After a few moments, she felt a gentle touch on her arm. Still too overwhelmed to look at him, Queenie kept her face hidden. 

“I’m sorry,” she heard him say, voice low. “I wasn’t thinking straight.”

Desperate to get a handle on herself, Queenie scrubbed viciously at her face. She peered at Graves’s face, blurry through the mask of tears. He looked ashamed.

“I didn’t mean to go crazy,” she muttered, still hiccupping a bit. “I’m sorry.”

“I worried you,” Graves said, sounding taken aback.

“Of course I was worried! I thought you were gonna die right next to me!”

Graves took her hand, thumb stroking the inside of her wrist. His face looked pained. He reached out and cupped her damp cheek, brushing away the tears. “I don’t think anyone’s ever been that worried about me,” he said, eyes cast down.

“Oh, honey,” she breathed, feeling like sobbing all over again. She drew him into a fierce hug, holding him tight enough to feel that precious heartbeat against her own. He was warm and alive and beside her, as close as he possibly could be. Still, he didn’t feel close enough. His arms wrapped around her, face pressing against her neck as she all but crawled into his lap.

“You just need to be more careful next time, is all,” she mumbled thickly, voice muffled by his shoulder as she clung to him.

She felt his shoulders shake and she thought he might have been crying. She had never seen him cry, not even when the pain was at its worst. He wrapped himself around her, holding her tight as though he were afraid she’d fall away.

“It’s alright, honey,” she whispered, rubbing his back, stroking the fine hair on the back of his neck. “Everything’s alright.”

 

A few days later, Queenie could tell he was being especially careful with taking his potions. In fact, he seemed more resigned than ever to not take them as much. Even when the pain made his teeth clench and sweat bead on his brow, he told her he didn’t need one. Queenie felt so guilty for being angry at him and she couldn’t bear seeing him in such agony.

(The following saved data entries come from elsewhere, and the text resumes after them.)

(* Let $\mathcal{L}$ be a Prob-solvable loop with guard polynomial $G$, and let $E_i:=\mathbb{E}(-G_{i+1}+G_i\mid\mathcal{F}_i)$. Suppose: (i) $u$ is an upper bounding function for $E$ and there exist $\kappa>0$ and $i_1$ with $u(i)\le-\kappa$ for all $i\ge i_1$; (ii) $\mathbb{P}(\mathit{Guard}_i)>0$ for every $i\in\mathbb{N}$; (iii) for every branch $B$ of $-G$ there is an absolute bounding function $c_B$ for the expression $B+G$, and there are a constant $C$ and $i_2$ with $c_B(i)\le C$ for all branches $B$ and all $i\ge i_2$. Then $M:=-G$ satisfies the conditions of the relaxed Repulsing-AST-rule: there exist $i_0\in\mathbb{N}$, $\epsilon>0$, $c>0$ with $\mathbb{P}(M_{i_0}<0)>0$ and, for all $i\ge i_0$ almost surely, $\neg\mathit{Guard}_i\implies M_i\ge0$, $\mathit{Guard}_i\implies\mathbb{E}(M_{i+1}-M_i\mid\mathcal{F}_i)\le-\epsilon$, and $|M_{i+1}-M_i|<c$. Consequently $\mathcal{L}$ is not AST.
   Context: A Prob-solvable loop $\mathcal{L}$ with real-valued variables $x_{(1)},\dots,x_{(m)}$ consists of an initialization $x_{(j)}:=r_{(j)}\in\mathbb{R}$, a guard $P>Q$ with $P,Q$ real polynomials, and a loop body that, for $j=1,\dots,m$ in order, sets $x_{(j)}$ to $a_{(jk)}x_{(j)}+P_{(jk)}$ with probability $p_{jk}$ ($k<l_j$) or to the last alternative with the remaining probability (independent choices), where $a_{(jk)}\ge0$, $P_{(jk)}\in\mathbb{R}[x_{(1)},\dots,x_{(j-1)}]$ evaluated at already-updated values, $p_{jk}\in[0,1]$, $\sum_k p_{jk}<1$. $G:=P-Q$. The loop space $(\Omega,\Sigma,(\mathcal{F}_i),\mathbb{P})$: $\Omega=(\mathbb{R}^m)^\omega$, $\mathcal{F}_i$ generated by cylinder sets of prefixes of length $i+1$; under $\mathbb{P}$ the first state is the initial state and each next state results from one execution of the body if the guard holds, otherwise it repeats the current state. $E_i(\vartheta):=E(\vartheta_i)$; $\mathit{Guard}_i$ is the event $G_i>0$; $T:=\inf\{i:G_i\le0\}$; $\mathcal{L}$ is AST if $\mathbb{P}(T<\infty)=1$. Branches: for a polynomial $H$, each choice vector $\kappa$ of alternatives gives a polynomial $B_\kappa$ with $H(s')=B_\kappa(s)$ when the body is executed from $s$ with these choices, with probability the product of the chosen alternatives' probabilities; the branches of $H$ are the polynomials $B$ whose total probability (summed over $\kappa$ with $B_\kappa=B$) is positive. An upper bounding function for an expression $E$ is a monotone $u:\mathbb{N}\to\mathbb{R}$, everywhere non-negative or everywhere non-positive, such that for some $\alpha>0$ and all sufficiently large $i$, $\mathbb{P}(E_i\le\alpha\,u(i)\mid T>i)=1$. An absolute bounding function for $E$ is an upper bounding function for $|E|$. *)

theory Defs
  imports "HOL-Probability.Probability" "HOL-Library.Stream"
begin

datatype mpoly = MConst real | MVar nat | MAdd mpoly mpoly | MMul mpoly mpoly

fun peval :: "mpoly \<Rightarrow> (nat \<Rightarrow> real) \<Rightarrow> real" where
  "peval (MConst c) s = c"
| "peval (MVar j) s = s j"
| "peval (MAdd p q) s = peval p s + peval q s"
| "peval (MMul p q) s = peval p s * peval q s"

fun pvars :: "mpoly \<Rightarrow> nat set" where
  "pvars (MConst c) = {}"
| "pvars (MVar j) = {j}"
| "pvars (MAdd p q) = pvars p \<union> pvars q"
| "pvars (MMul p q) = pvars p \<union> pvars q"

text \<open>Variables are x_0,...,x_(m-1) (0-indexed).  Variable j has nalt j alternatives
  k = 0 .. nalt j - 1; alternative k sets x_j to coef j k * x_j + upd j k; alternatives
  k < nalt j - 1 have probability pr j k, the last one the remaining probability.
  The guard is gP > gQ.\<close>

record psloop =
  nvars :: nat
  init :: "nat \<Rightarrow> real"
  gP :: mpoly
  gQ :: mpoly
  nalt :: "nat \<Rightarrow> nat"
  coef :: "nat \<Rightarrow> nat \<Rightarrow> real"
  upd :: "nat \<Rightarrow> nat \<Rightarrow> mpoly"
  pr :: "nat \<Rightarrow> nat \<Rightarrow> real"

definition prob_solvable :: "psloop \<Rightarrow> bool" where
  "prob_solvable L \<longleftrightarrow>
     pvars (gP L) \<subseteq> {..<nvars L} \<and> pvars (gQ L) \<subseteq> {..<nvars L} \<and>
     (\<forall>j<nvars L. 1 \<le> nalt L j \<and>
        (\<forall>k<nalt L j. 0 \<le> coef L j k \<and> pvars (upd L j k) \<subseteq> {..<j}) \<and>
        (\<forall>k<nalt L j - 1. 0 \<le> pr L j k \<and> pr L j k \<le> 1) \<and>
        (\<Sum>k<nalt L j - 1. pr L j k) < 1)"

definition guardG :: "psloop \<Rightarrow> (nat \<Rightarrow> real) \<Rightarrow> real" where
  "guardG L s = peval (gP L) s - peval (gQ L) s"

definition alt_prob :: "psloop \<Rightarrow> nat \<Rightarrow> nat \<Rightarrow> real" where
  "alt_prob L j k =
     (if k < nalt L j - 1 then pr L j k
      else if k = nalt L j - 1 then 1 - (\<Sum>k'<nalt L j - 1. pr L j k')
      else 0)"

definition alt_pmf :: "psloop \<Rightarrow> nat \<Rightarrow> nat pmf" where
  "alt_pmf L j = embed_pmf (alt_prob L j)"

definition choice_pmf :: "psloop \<Rightarrow> (nat \<Rightarrow> nat) pmf" where
  "choice_pmf L = Pi_pmf {..<nvars L} 0 (alt_pmf L)"

fun body_upto :: "psloop \<Rightarrow> nat \<Rightarrow> (nat \<Rightarrow> real) \<Rightarrow> (nat \<Rightarrow> nat) \<Rightarrow> (nat \<Rightarrow> real)" where
  "body_upto L 0 s \<kappa> = s"
| "body_upto L (Suc j) s \<kappa> =
     (let s' = body_upto L j s \<kappa>
      in s'(j := coef L j (\<kappa> j) * s' j + peval (upd L j (\<kappa> j)) s'))"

“You shouldn’t have to torture yourself,” she said in a weak voice as she rubbed potion onto his knee, barely taking the edge off judging by the look on his face.

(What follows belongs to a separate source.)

(* Let Assumptions A1, A2 and A3 hold, $\kappa>1$, and run Algorithm PBA with $\alpha = \frac{1}{L}$, $\eta = \frac{\sqrt{\kappa}-1}{\sqrt{\kappa}+1}$, $0<\beta \le \frac{1}{2}(L_\Phi + \Gamma + \kappa^2)^{-1}$, and $T \ge \frac{\ln(8(1+\kappa))}{\ln((1-\kappa^{-1/2})^{-1})}$. Writing $z_k=(x_k,y_k)$, for all $k$, $$\mathrm{dist}\big(\mathbf{0},\partial_z H(z_{k+1})\big)\le \frac{2}{\beta}\|x_{k+1}-x_k\| + \sqrt{\Gamma}\,\|y_{k+1}-y^*(x_k)\| + 2\big(2.5^{T+1}+\kappa\big)\|y_{k+2}-y^*(x_{k+1})\|.$$
   Context: Problem: $\min_{x\in\mathbb{R}^d} \Phi(x)+h(x)$ where $\Phi(x) := f(x,y^*(x))$ and $y^*(x) := \arg\min_{y\in\mathbb{R}^p} g(x,y)$, with $f,g:\mathbb{R}^d\times\mathbb{R}^p\to\mathbb{R}$ jointly continuously differentiable. Write $z=(x,y)$. Assumption A1: (1) $g(x,\cdot)$ is $\mu$-strongly convex for every $x$ ($\Phi$ may be nonconvex); (2) $h:\mathbb{R}^d\to\mathbb{R}\cup\{+\infty\}$ is proper and lower-semicontinuous (possibly nonsmooth and nonconvex); (3) $\Phi+h$ is bounded below and has bounded sub-level sets. Assumption A2: (1) $f$ is $M$-Lipschitz, and $\nabla f$ and $\nabla g$ are $L$-Lipschitz (in $z$); (2) the Jacobian $\nabla_x\nabla_y g$ is $\tau$-Lipschitz and the Hessian $\nabla_y^2 g$ is $\rho$-Lipschitz (in $z$). Assumption A3: the function $(x,y)\mapsto\|y^T(x,y)-y^*(x)\|^2$ has nonempty limiting subdifferential $\partial_{(x,y)}$ at every point. Set $\kappa = L/\mu$, $L_\Phi = L + \frac{2L^2+\tau M^2}{\mu} + \frac{\rho L M + L^3 + \tau M L}{\mu^2} + \frac{\rho L^2 M}{\mu^3}$, and $\Gamma = 3L^2 + \frac{3\tau^2M^2}{\mu^2} + 6L^2(1+\sqrt{\kappa})^2\big(\kappa + \frac{\rho M}{\mu^2}\big)^2$. Proximal map: $\mathrm{prox}_{\beta h}(v) := \arg\min_u \{\beta h(u) + \frac12\|u-v\|^2\}$ (possibly set-valued). Algorithm PBA (proximal BiO-AIDm) with parameters $\alpha,\beta,\eta>0$, $T\in\mathbb{N}$, initial $x_0,y_0$: for $k=0,1,2,\dots$: set $y^0(x_k,y_k)=u_0=y_k$; for $t=1,\dots,T$: $u_t = y^{t-1}(x_k,y_k) - \alpha\nabla_y g(x_k, y^{t-1}(x_k,y_k))$, $y^t(x_k,y_k) = u_t + \eta(u_t - u_{t-1})$; set $y_{k+1} = y^T(x_k,y_k)$; compute $\widehat\nabla\Phi(x_k) = \nabla_x f(x_k,y_{k+1}) - \nabla_x\nabla_y g(x_k,y_{k+1})\hat v_k$ where $\hat v_k$ is the exact solution of $\nabla_y^2 g(x_k,y_{k+1})v = \nabla_y f(x_k,y_{k+1})$; update $x_{k+1}\in \mathrm{prox}_{\beta h}(x_k - \beta\widehat\nabla\Phi(x_k))$. For general $(x,y')$, $y^T(x,y')$ denotes the output of the same $T$-step inner loop applied to $g(x,\cdot)$ with initial point $y'$. Potential function: $H(x,y') := \Phi(x)+h(x)+\frac78\|y^T(x,y')-y^*(x)\|^2$. Limiting subdifferential: the Fréchet subdifferential of $F$ at $x$ is $\widehat\partial F(x) = \{u: \liminf_{z\to x, z\ne x} \frac{F(z)-F(x)-u^\top(z-x)}{\|z-x\|}\ge 0\}$; the limiting subdifferential $\partial F(x)$ is the set of $u$ such that there exist $x_k\to x$ with $F(x_k)\to F(x)$ and $u_k\in\widehat\partial F(x_k)$ with $u_k\to u$; $\mathrm{dist}(\mathbf{0},S)=\inf_{u\in S}\|u\|$. *)

theory Defs
  imports "HOL-Analysis.Analysis" "HOL-Library.Extended_Real" "HOL-Library.Liminf_Limsup"
begin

“I need to stop relying on them,” he said stubbornly, thick eyebrows furrowed.

Queenie thought he was right, but at the same time hated to see him in pain. He was researching cures when the pain was too much. She would bring him a cup of tea, make sure he was eating something and not sustaining himself on the cigarettes she knew he smoked in secret.

On a Saturday morning, Queenie put together a picnic basket full of all sorts of goodies, like a pie from her mother’s recipes. She found Graves in his bedroom, hunched over a thick tome, surrounded by a sea of crumpled parchment. He was wearing glasses, which she hadn’t seen before.

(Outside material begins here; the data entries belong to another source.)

(* Let $n\geq 2$ and $0\leq s<\pi/4$. Then for the metric $g_{\pi/4,0}$, $$K_s(t)=\begin{cases}1,& 0\le|t|<\ell(s),\\ -1+4\sin^2(s)\,F(|t|,s)^{-4},& |t|>\ell(s),\end{cases}$$ where $\ell(s)=\arccos\big(\cos(\pi/4)/\cos(s)\big)$ and $F(t,s)=\cosh(t-\ell(s))+\sqrt{\cos(2s)}\,\sinh(t-\ell(s))$.
   Context: Fix $\varphi\in C^\infty(\mathbb{R})$ with $0\le\varphi\le1$, $\varphi(x)=0$ for $x\le0$, $\varphi(x)=1$ for $x\ge1$, and let $H$ be the Heaviside function ($H(x)=1$ for $x>0$, $H(x)=0$ for $x\le0$). For $r>0$, $\epsilon\ge0$ with $r+\epsilon<\pi/2$ and $\rho\ge0$ set $K^\parallel_{r,\epsilon}(\rho)=1-2\varphi((\rho-r)/\epsilon)$ if $\epsilon>0$ and $K^\parallel_{r,0}(\rho)=1-2H(\rho-r)$. Let $\mathcal{A}_{r,\epsilon}$ solve $\mathcal{A}''+K^\parallel_{r,\epsilon}\mathcal{A}=0$, $\mathcal{A}(0)=0$, $\mathcal{A}'(0)=1$ (for $\epsilon=0$: the unique $C^1$ function with these initial values solving the equation on $\rho\ne r$). Let $g_{r,\epsilon}=d\rho^2+\mathcal{A}_{r,\epsilon}(\rho)^2\mathring g$ on $\mathbb{R}^{n+1}$ in polar coordinates ($\mathring g$ the round metric on $S^n$). Every unit speed geodesic $\gamma$ lies in a 2-plane $\Sigma_\gamma$ through the origin. For $\mu=(s,r,\epsilon)$ with $s\ge0$, $\rho_\mu(t)$ denotes the radial coordinate $\rho(\gamma(t))$ of a unit speed geodesic whose minimal distance to the origin is $s$, attained at $t=0$: for $s>0$ it is the solution of $\rho''=\frac{\mathcal{A}_{r,\epsilon}'(\rho)}{\mathcal{A}_{r,\epsilon}(\rho)}(1-(\rho')^2)$, $\rho(0)=s$, $\rho'(0)=0$, and $\rho_{0,r,\epsilon}(t)=t$. Set $K^\perp_{r,\epsilon}(\rho)=\mathcal{A}_{r,\epsilon}(\rho)^{-2}\big(1-\mathcal{A}_{r,\epsilon}'(\rho)^2\big)$ and $K_{s,r,\epsilon}(t)=\rho_\mu'(t)^2K^\parallel_{r,\epsilon}(\rho_\mu(t))+(1-\rho_\mu'(t)^2)K^\perp_{r,\epsilon}(\rho_\mu(t))$; for $n\ge2$ this is the sectional curvature of the 2-plane spanned by $\gamma'(t)$ and a vector orthogonal to $\Sigma_\gamma$. Write $K_s=K_{s,\pi/4,0}$. *)

theory Defs
  imports "HOL-Analysis.Analysis"
begin

definition heaviside :: "real \<Rightarrow> real" where
  "heaviside x = (if x > 0 then 1 else 0)"

text \<open>Radial curvature K^par_{r,0}(rho) = 1 - 2 H(rho - r) (the case epsilon = 0).\<close>
definition Kpar :: "real \<Rightarrow> real \<Rightarrow> real" where
  "Kpar r \<rho> = 1 - 2 * heaviside (\<rho> - r)"

definition is_warp :: "real \<Rightarrow> (real \<Rightarrow> real) \<Rightarrow> bool" where
  "is_warp r f \<longleftrightarrow> (\<exists>f'. continuous_on UNIV f' \<and>
      (\<forall>x. (f has_real_derivative f' x) (at x)) \<and>
      (\<forall>x. x \<noteq> r \<longrightarrow> (f' has_real_derivative (- Kpar r x * f x)) (at x)) \<and>
      f 0 = 0 \<and> f' 0 = 1)"

definition warp :: "real \<Rightarrow> real \<Rightarrow> real" where
  "warp r = (THE f. is_warp r f)"

definition Kperp :: "real \<Rightarrow> real \<Rightarrow> real" where
  "Kperp r \<rho> = (1 - (deriv (warp r) \<rho>)\<^sup>2) / (warp r \<rho>)\<^sup>2"

text \<open>Radial coordinate of a unit speed geodesic with minimal distance s > 0 to the origin,
  attained at t = 0: solution of rho'' = (A'(rho)/A(rho)) (1 - rho'^2), rho(0)=s, rho'(0)=0.\<close>
definition is_geod_radius :: "real \<Rightarrow> real \<Rightarrow> (real \<Rightarrow> real) \<Rightarrow> bool" where
  "is_geod_radius r s p \<longleftrightarrow> (\<exists>p'.
      (\<forall>t. (p has_real_derivative p' t) (at t)) \<and>
      (\<forall>t. (p' has_real_derivative
              (deriv (warp r) (p t) / warp r (p t) * (1 - (p' t)\<^sup>2))) (at t)) \<and>
      p 0 = s \<and> p' 0 = 0)"

definition geod_radius :: "real \<Rightarrow> real \<Rightarrow> real \<Rightarrow> real" where
  "geod_radius r s = (THE p. is_geod_radius r s p)"

text \<open>K_{s,r,0}(t). For s = 0 the geodesic passes through the origin, its radial coordinate
  is |t| and rho'^2 = 1, so K = K^par(|t|).\<close>
definition Kcurv :: "real \<Rightarrow> real \<Rightarrow> real \<Rightarrow> real" where
  "Kcurv s r t =
     (if s = 0 then Kpar r \<bar>t\<bar>
      else (let \<rho> = geod_radius r s t; d = deriv (geod_radius r s) t in
            d\<^sup>2 * Kpar r \<rho> + (1 - d\<^sup>2) * Kperp r \<rho>))"

definition ell :: "real \<Rightarrow> real" where
  "ell s = arccos (cos (pi/4) / cos s)"

definition Ffun :: "real \<Rightarrow> real \<Rightarrow> real" where
  "Ffun t s = cosh (t - ell s) + sqrt (cos (2 * s)) * sinh (t - ell s)"

end

theory Submission
  imports Defs
begin

text \<open>For \<open>r = \<pi>/4\<close> the warping function is \<open>\<A>(\<rho>) = sin \<rho>\<close> for \<open>\<rho> \<le> \<pi>/4\<close> and
  \<open>\<A>(\<rho>) = (\<surd>2/2) exp (\<rho> - \<pi>/4)\<close> beyond, so the metric is round inside the ball of radius
  \<open>\<pi>/4\<close>, while outside it the radial curvature is \<open>-1\<close> and the tangential one is
  \<open>2 exp (-2(\<rho> - \<pi>/4)) - 1\<close>. The radial coordinate of the geodesic is explicit: inside the
  ball \<open>cos \<rho> = cos s cos t\<close>, which reaches \<open>\<pi>/4\<close> at \<open>|t| = ell s\<close>; outside,
  \<open>\<rho>'' = 1 - \<rho>'\<^sup>2\<close> is solved by \<open>\<rho> = \<pi>/4 + ln F\<close> with \<open>F'' = F\<close>, and \<open>F = 1\<close>,
  \<open>F' = \<surd>(cos 2s)\<close> at \<open>ell s\<close> match the inner solution to first order. Energy (Gronwall)
  estimates show that these explicit functions are the unique solutions defining \<open>\<A>\<close> and
  \<open>\<rho>\<close>. Outside the ball \<open>F\<^sup>2 - F'\<^sup>2 = 2 sin\<^sup>2 s\<close> gives \<open>\<rho>'\<^sup>2 = 1 - 2 sin\<^sup>2 s / F\<^sup>2\<close>, hence
  \<open>K = -\<rho>'\<^sup>2 + (1 - \<rho>'\<^sup>2)(2/F\<^sup>2 - 1) = -1 + 4 sin\<^sup>2 s / F\<^sup>4\<close>.\<close>

section \<open>Gluing derivatives and Gronwall-type uniqueness\<close>

lemma DERIV_if_le:
  fixes g h :: "real \<Rightarrow> real"
  assumes g: "\<And>x. x \<le> a \<Longrightarrow> (g has_real_derivative g' x) (at x)"
    and h: "\<And>x. a \<le> x \<Longrightarrow> (h has_real_derivative h' x) (at x)"
    and "g a = h a" and "g' a = h' a"
  shows "((\<lambda>x. if x \<le> a then g x else h x) has_real_derivative
            (if x \<le> a then g' x else h' x)) (at x)"
proof -
  have "((\<lambda>x. if x \<in> {..a} then g x else h x) has_derivative
      (if x \<in> {..a} then (*) (g' x) else (*) (h' x))) (at x within ({..a} \<union> {a<..}))"
    using assms(3,4)
    by (intro has_derivative_If_within_closures)
       (auto intro!: has_derivative_at_withinI g[unfolded has_field_derivative_def]
          h[unfolded has_field_derivative_def])
  moreover have "{..a} \<union> {a<..} = (UNIV :: real set)" by auto
  ultimately show ?thesis
    by (simp add: has_field_derivative_def if_distrib[of "(*)"])
qed

lemma Gronwall_zero_iff:
  fixes E E' :: "real \<Rightarrow> real"
  assumes "a \<le> b" and cont: "continuous_on {a..b} E"
    and der: "\<And>x. a < x \<Longrightarrow> x < b \<Longrightarrow> (E has_real_derivative E' x) (at x)"
    and bound: "\<And>x. a < x \<Longrightarrow> x < b \<Longrightarrow> \<bar>E' x\<bar> \<le> C * E x"
    and nonneg: "E a \<ge> 0" "E b \<ge> 0"
  shows "E a = 0 \<longleftrightarrow> E b = 0"
proof -
  have "E b * exp (- C * b) \<le> E a * exp (- C * a)"
  proof (rule DERIV_nonpos_imp_decreasing_open[OF \<open>a \<le> b\<close>])
    fix x assume x: "a < x" "x < b"
    show "\<exists>y. ((\<lambda>x. E x * exp (- C * x)) has_real_derivative y) (at x) \<and> y \<le> 0"
    proof (intro exI conjI)
      show "((\<lambda>x. E x * exp (- C * x)) has_real_derivative (E' x - C * E x) * exp (- C * x)) (at x)"
        by (auto intro!: derivative_eq_intros der[OF x] simp: algebra_simps)
      show "(E' x - C * E x) * exp (- C * x) \<le> 0"
        using bound[OF x] by (simp add: mult_le_0_iff abs_le_iff)
    qed
  qed (intro continuous_intros cont)
  moreover have "E a * exp (C * a) \<le> E b * exp (C * b)"
  proof (rule DERIV_nonneg_imp_increasing_open[OF \<open>a \<le> b\<close>])
    fix x assume x: "a < x" "x < b"
    show "\<exists>y. ((\<lambda>x. E x * exp (C * x)) has_real_derivative y) (at x) \<and> y \<ge> 0"
    proof (intro exI conjI)
      show "((\<lambda>x. E x * exp (C * x)) has_real_derivative (E' x + C * E x) * exp (C * x)) (at x)"
        by (auto intro!: derivative_eq_intros der[OF x] simp: algebra_simps)
      show "(E' x + C * E x) * exp (C * x) \<ge> 0"
        using bound[OF x] by (simp add: abs_le_iff)
    qed
  qed (intro continuous_intros cont)
  ultimately show ?thesis
    using nonneg by (auto simp: mult_le_0_iff zero_le_mult_iff)
qed

lemma Gronwall_zero_everywhere:
  fixes E E' :: "real \<Rightarrow> real"
  assumes cont: "continuous_on UNIV E" and nonneg: "\<And>x. E x \<ge> 0"
    and der: "\<And>x. x \<noteq> r \<Longrightarrow> (E has_real_derivative E' x) (at x)"
    and bound: "\<And>x. x \<noteq> r \<Longrightarrow> \<bar>E' x\<bar> \<le> C * E x"
    and "E x0 = 0"
  shows "E x = 0"
proof -
  have segment: "E u = 0 \<longleftrightarrow> E v = 0" if "r \<notin> {min u v<..<max u v}" for u v
  proof -
    have "E (min u v) = 0 \<longleftrightarrow> E (max u v) = 0"
      using that
      by (intro Gronwall_zero_iff[where E'=E' and C=C] continuous_on_subset[OF cont]
          der bound nonneg) auto
    then show ?thesis by (cases "u \<le> v") (auto simp: min_def max_def)
  qed
  show ?thesis
  proof (cases "r \<in> {min x0 x<..<max x0 x}")
    case True
    then show ?thesis
      using segment[of x0 r] segment[of r x] \<open>E x0 = 0\<close> by auto
  next
    case False
    then show ?thesis using segment[of x0 x] \<open>E x0 = 0\<close> by auto
  qed
qed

“Have you been reading all night?” she said, sounding slightly concerned.

Graves was clearly so absorbed that he hadn’t even heard her enter. He pulled the glasses off his face so quickly that he nearly bent the frame. “You startled me,” he said sheepishly.

Queenie smiled and placed the basket on a low chair before bending over to see what he was working on. “Any progress?”

“Not especially, no.” He sighed unhappily, frowning deep.

“I’ve never seen you with glasses,” Queenie said brightly, intrigued by this new development.

“Well, I don’t – I don’t like to –“ he stammered, cheeks turning pink.

Queenie let out a little gasp as she read his mind. “They don’t make you look old!” she said with a laugh, but Graves was still turning red. “You look distinguished. Even more handsome than usual.”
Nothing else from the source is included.